= YOUR GOAL =
Scan the entries that follow and work out how many lines contain "shows". Give the number and nothing else.

(Collected data entries)
****

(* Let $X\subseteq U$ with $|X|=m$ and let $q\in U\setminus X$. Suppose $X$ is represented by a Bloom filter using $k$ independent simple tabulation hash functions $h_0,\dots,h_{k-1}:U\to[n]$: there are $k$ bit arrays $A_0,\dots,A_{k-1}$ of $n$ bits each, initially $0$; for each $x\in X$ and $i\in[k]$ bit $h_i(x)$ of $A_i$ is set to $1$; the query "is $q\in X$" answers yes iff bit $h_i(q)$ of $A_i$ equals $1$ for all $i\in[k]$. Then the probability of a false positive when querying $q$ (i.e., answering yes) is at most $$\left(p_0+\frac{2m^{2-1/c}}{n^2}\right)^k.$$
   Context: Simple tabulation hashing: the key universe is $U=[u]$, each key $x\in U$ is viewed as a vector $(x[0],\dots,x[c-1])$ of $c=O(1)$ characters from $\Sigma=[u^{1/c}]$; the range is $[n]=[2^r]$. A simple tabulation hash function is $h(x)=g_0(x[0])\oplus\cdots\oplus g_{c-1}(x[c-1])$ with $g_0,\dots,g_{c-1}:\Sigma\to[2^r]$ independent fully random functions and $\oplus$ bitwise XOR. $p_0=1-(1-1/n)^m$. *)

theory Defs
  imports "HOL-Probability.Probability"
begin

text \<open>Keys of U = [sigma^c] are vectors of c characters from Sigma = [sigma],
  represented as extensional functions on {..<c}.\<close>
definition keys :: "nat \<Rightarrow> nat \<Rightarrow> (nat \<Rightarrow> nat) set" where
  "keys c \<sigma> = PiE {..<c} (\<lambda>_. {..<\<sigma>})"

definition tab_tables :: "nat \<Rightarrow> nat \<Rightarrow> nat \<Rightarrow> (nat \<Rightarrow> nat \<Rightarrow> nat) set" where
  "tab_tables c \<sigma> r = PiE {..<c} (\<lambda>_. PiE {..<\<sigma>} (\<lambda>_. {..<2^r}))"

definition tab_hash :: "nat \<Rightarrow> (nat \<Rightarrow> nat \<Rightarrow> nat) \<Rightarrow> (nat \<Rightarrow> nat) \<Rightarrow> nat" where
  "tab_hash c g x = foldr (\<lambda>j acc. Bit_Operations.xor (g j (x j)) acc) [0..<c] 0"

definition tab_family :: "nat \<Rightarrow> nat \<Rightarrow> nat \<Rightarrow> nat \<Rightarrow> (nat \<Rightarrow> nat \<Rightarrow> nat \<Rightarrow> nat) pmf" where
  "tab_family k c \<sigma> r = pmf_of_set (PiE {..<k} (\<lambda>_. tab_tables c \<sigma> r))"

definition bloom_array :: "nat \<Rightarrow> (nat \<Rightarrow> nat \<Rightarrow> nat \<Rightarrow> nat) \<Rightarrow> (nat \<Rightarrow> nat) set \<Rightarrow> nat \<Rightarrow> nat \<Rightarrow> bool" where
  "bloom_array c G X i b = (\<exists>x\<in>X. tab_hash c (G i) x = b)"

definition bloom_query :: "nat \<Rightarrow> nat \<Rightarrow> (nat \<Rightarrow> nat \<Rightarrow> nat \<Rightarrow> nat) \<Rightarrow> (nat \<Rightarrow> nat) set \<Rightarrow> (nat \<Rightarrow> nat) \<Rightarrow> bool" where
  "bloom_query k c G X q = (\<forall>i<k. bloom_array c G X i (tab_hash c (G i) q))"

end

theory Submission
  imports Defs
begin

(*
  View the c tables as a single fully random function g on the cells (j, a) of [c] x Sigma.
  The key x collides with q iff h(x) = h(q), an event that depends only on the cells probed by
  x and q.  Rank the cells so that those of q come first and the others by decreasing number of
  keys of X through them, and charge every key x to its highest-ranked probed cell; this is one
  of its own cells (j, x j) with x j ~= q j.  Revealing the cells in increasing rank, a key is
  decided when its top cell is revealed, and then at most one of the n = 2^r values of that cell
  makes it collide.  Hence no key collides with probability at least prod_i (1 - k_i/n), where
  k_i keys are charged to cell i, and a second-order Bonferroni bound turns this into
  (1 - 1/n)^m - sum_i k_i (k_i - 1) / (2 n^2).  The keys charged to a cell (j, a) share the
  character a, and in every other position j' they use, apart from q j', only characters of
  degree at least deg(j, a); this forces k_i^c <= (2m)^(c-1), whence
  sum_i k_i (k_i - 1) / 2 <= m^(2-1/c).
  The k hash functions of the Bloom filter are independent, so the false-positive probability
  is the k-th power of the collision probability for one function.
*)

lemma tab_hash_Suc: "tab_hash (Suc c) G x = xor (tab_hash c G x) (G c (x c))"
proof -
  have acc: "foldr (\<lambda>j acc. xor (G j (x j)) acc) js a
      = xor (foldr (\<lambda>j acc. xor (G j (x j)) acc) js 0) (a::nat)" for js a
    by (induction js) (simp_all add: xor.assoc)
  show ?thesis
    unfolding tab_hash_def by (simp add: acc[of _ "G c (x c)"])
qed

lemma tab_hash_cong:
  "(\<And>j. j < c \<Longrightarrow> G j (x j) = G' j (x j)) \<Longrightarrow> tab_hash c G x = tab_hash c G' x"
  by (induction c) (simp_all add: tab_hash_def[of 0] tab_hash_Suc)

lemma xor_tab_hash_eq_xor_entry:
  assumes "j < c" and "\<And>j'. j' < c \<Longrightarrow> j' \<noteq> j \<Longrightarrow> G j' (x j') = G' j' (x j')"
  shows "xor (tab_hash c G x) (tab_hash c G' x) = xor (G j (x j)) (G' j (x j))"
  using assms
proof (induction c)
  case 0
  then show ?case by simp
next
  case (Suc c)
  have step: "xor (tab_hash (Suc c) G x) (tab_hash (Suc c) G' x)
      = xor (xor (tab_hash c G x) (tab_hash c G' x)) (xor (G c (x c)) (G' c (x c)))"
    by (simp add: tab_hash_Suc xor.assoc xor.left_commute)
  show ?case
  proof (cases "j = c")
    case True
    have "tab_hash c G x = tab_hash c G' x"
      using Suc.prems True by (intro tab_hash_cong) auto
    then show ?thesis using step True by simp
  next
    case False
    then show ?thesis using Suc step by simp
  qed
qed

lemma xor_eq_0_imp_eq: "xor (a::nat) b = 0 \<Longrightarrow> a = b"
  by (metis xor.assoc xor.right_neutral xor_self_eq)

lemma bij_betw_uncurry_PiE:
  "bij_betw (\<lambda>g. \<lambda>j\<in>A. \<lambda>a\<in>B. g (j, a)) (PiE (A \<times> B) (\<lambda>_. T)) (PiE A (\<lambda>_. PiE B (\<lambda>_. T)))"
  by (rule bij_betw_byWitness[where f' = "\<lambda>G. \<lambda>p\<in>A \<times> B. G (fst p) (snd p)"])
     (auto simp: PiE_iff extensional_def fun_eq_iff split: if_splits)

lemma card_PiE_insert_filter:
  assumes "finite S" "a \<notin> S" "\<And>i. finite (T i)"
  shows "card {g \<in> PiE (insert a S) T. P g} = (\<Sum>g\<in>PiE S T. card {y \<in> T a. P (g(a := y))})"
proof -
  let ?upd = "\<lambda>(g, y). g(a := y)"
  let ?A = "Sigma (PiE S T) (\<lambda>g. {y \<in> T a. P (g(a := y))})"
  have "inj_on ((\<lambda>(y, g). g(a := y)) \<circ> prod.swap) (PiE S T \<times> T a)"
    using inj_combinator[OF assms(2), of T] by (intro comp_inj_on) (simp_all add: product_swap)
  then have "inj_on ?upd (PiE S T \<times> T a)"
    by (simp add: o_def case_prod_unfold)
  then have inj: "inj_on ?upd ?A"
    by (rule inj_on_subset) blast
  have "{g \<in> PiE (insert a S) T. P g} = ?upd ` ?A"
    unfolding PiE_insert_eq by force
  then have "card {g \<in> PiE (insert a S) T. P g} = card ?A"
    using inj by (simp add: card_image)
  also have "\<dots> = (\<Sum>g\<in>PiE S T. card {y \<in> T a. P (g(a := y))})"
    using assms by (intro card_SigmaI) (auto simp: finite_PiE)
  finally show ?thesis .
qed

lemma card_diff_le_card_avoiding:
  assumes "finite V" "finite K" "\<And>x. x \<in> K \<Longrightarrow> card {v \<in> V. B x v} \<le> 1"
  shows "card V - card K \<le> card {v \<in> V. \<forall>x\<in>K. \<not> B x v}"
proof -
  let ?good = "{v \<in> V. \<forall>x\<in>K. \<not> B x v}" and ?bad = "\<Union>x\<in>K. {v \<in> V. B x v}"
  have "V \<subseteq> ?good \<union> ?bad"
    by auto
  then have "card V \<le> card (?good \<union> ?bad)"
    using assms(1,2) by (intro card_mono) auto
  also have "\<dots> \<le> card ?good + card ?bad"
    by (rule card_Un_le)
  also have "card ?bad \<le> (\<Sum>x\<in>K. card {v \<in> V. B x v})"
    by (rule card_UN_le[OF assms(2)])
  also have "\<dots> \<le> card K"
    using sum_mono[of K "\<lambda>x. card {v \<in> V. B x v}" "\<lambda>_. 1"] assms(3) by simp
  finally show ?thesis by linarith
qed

****

= ANSWER FOR THIS EXERCISE =
3